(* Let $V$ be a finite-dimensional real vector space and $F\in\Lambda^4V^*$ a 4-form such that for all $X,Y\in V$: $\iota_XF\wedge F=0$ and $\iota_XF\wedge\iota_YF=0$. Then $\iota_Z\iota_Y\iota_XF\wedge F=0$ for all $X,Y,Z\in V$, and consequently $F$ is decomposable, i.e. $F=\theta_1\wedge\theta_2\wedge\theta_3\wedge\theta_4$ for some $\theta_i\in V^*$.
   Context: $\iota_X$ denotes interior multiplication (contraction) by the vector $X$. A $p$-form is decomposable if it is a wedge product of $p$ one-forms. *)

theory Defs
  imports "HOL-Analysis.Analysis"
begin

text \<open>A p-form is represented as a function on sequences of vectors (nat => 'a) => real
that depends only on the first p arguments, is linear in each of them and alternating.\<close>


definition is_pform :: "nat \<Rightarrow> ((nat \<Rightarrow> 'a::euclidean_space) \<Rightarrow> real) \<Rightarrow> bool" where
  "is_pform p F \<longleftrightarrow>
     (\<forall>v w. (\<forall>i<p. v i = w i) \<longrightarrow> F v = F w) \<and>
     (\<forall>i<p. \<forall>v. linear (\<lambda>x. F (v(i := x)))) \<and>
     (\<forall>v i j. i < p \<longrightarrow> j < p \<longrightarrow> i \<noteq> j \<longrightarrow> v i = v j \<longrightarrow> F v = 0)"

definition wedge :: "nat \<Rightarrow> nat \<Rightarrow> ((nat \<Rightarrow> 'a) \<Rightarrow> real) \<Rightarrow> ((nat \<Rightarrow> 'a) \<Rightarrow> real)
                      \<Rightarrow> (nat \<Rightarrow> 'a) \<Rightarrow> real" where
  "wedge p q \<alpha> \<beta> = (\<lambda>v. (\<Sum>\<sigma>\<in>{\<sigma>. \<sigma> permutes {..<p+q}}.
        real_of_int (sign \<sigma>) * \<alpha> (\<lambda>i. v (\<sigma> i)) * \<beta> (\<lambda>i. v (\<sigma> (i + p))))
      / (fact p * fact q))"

◇ ◇ ◇ ◇ ◇ ◇ ◇

**What is required:** A verbatim restatement of all the entries above is required.

**Answer to this exercise:**
(* Let $V$ be a finite-dimensional real vector space and $F\in\Lambda^4V^*$ a 4-form such that for all $X,Y\in V$: $\iota_XF\wedge F=0$ and $\iota_XF\wedge\iota_YF=0$. Then $\iota_Z\iota_Y\iota_XF\wedge F=0$ for all $X,Y,Z\in V$, and consequently $F$ is decomposable, i.e. $F=\theta_1\wedge\theta_2\wedge\theta_3\wedge\theta_4$ for some $\theta_i\in V^*$.
   Context: $\iota_X$ denotes interior multiplication (contraction) by the vector $X$. A $p$-form is decomposable if it is a wedge product of $p$ one-forms. *)

theory Defs
  imports "HOL-Analysis.Analysis"
begin

text \<open>A p-form is represented as a function on sequences of vectors (nat => 'a) => real
that depends only on the first p arguments, is linear in each of them and alternating.\<close>


definition is_pform :: "nat \<Rightarrow> ((nat \<Rightarrow> 'a::euclidean_space) \<Rightarrow> real) \<Rightarrow> bool" where
  "is_pform p F \<longleftrightarrow>
     (\<forall>v w. (\<forall>i<p. v i = w i) \<longrightarrow> F v = F w) \<and>
     (\<forall>i<p. \<forall>v. linear (\<lambda>x. F (v(i := x)))) \<and>
     (\<forall>v i j. i < p \<longrightarrow> j < p \<longrightarrow> i \<noteq> j \<longrightarrow> v i = v j \<longrightarrow> F v = 0)"

definition wedge :: "nat \<Rightarrow> nat \<Rightarrow> ((nat \<Rightarrow> 'a) \<Rightarrow> real) \<Rightarrow> ((nat \<Rightarrow> 'a) \<Rightarrow> real)
                      \<Rightarrow> (nat \<Rightarrow> 'a) \<Rightarrow> real" where
  "wedge p q \<alpha> \<beta> = (\<lambda>v. (\<Sum>\<sigma>\<in>{\<sigma>. \<sigma> permutes {..<p+q}}.
        real_of_int (sign \<sigma>) * \<alpha> (\<lambda>i. v (\<sigma> i)) * \<beta> (\<lambda>i. v (\<sigma> (i + p))))
      / (fact p * fact q))"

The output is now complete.